The Textus Roffensis (Latin for "The Tome of Rochester"), fully titled the Textus de Ecclesia Roffensi per Ernulphum episcopum ("The Tome of the Church of Rochester up to Bishop Ernulf") and sometimes also known as the Annals of Rochester, is a mediaeval manuscript that consists of two separate works written between 1122 and 1124. It is catalogued as "Rochester Cathedral Library, MS A.3.5" and as of 2023 is currently on display in a new exhibition at Rochester Cathedral in Rochester, Kent.

It is thought that the main text of both manuscripts was written by a single scribe, although the English glosses to the two Latin entries (items 23 and 24 in table below) were made by a second hand.
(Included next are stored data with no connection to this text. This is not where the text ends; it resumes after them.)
(* Let $G=K(n_1,\dots,n_s)$ be a complete $s$-partite graph ($s\ge 2$) with parts $V_1,\dots,V_s$, $|V_j|=n_j$, and suppose at least one part has at least $6$ vertices. Then there exist an optimal $3$-relaxed coloring $f$ of $G$ and a part $V_j$ with $n_j\ge 6$ such that $|f(V_j)|=1$.
   Context: A map $f$ from $V(G)$ to a finite set of colors is a $3$-relaxed coloring if every vertex $u$ has at most $3$ neighbors $v$ with $f(v)=f(u)$; $\chi_3(G)$ is the minimum number of colors in such a coloring, and a $3$-relaxed coloring using $\chi_3(G)$ colors is optimal. $f(S)$ denotes the set of colors used on $S$. *)

theory Defs
  imports Main
begin

text \<open>Simple graphs are given by a vertex set V and a symmetric irreflexive
adjacency relation E. Colours are natural numbers; the number of colours used
by f is card (f ` V).\<close>

definition relaxed_coloring :: "nat \<Rightarrow> 'a set \<Rightarrow> ('a \<Rightarrow> 'a \<Rightarrow> bool) \<Rightarrow> ('a \<Rightarrow> nat) \<Rightarrow> bool" where
  "relaxed_coloring k V E f \<longleftrightarrow> (\<forall>u\<in>V. card {v\<in>V. E u v \<and> f v = f u} \<le> k)"

definition relaxed_chromatic :: "nat \<Rightarrow> 'a set \<Rightarrow> ('a \<Rightarrow> 'a \<Rightarrow> bool) \<Rightarrow> nat" where
  "relaxed_chromatic k V E = (LEAST m. \<exists>f. relaxed_coloring k V E f \<and> card (f ` V) = m)"

definition optimal_relaxed_coloring :: "nat \<Rightarrow> 'a set \<Rightarrow> ('a \<Rightarrow> 'a \<Rightarrow> bool) \<Rightarrow> ('a \<Rightarrow> nat) \<Rightarrow> bool" where
  "optimal_relaxed_coloring k V E f \<longleftrightarrow>
     relaxed_coloring k V E f \<and> card (f ` V) = relaxed_chromatic k V E"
The annotations might indicate that the manuscript was consulted in some post-Conquest trials. The glosses are very sparse and just clarify a few uncertain terms. For example, the entry on f. 67r merely explains that the triplex iudiciu(m) is called in English, ofraceth ordel (insult ordeal = triple ordeal).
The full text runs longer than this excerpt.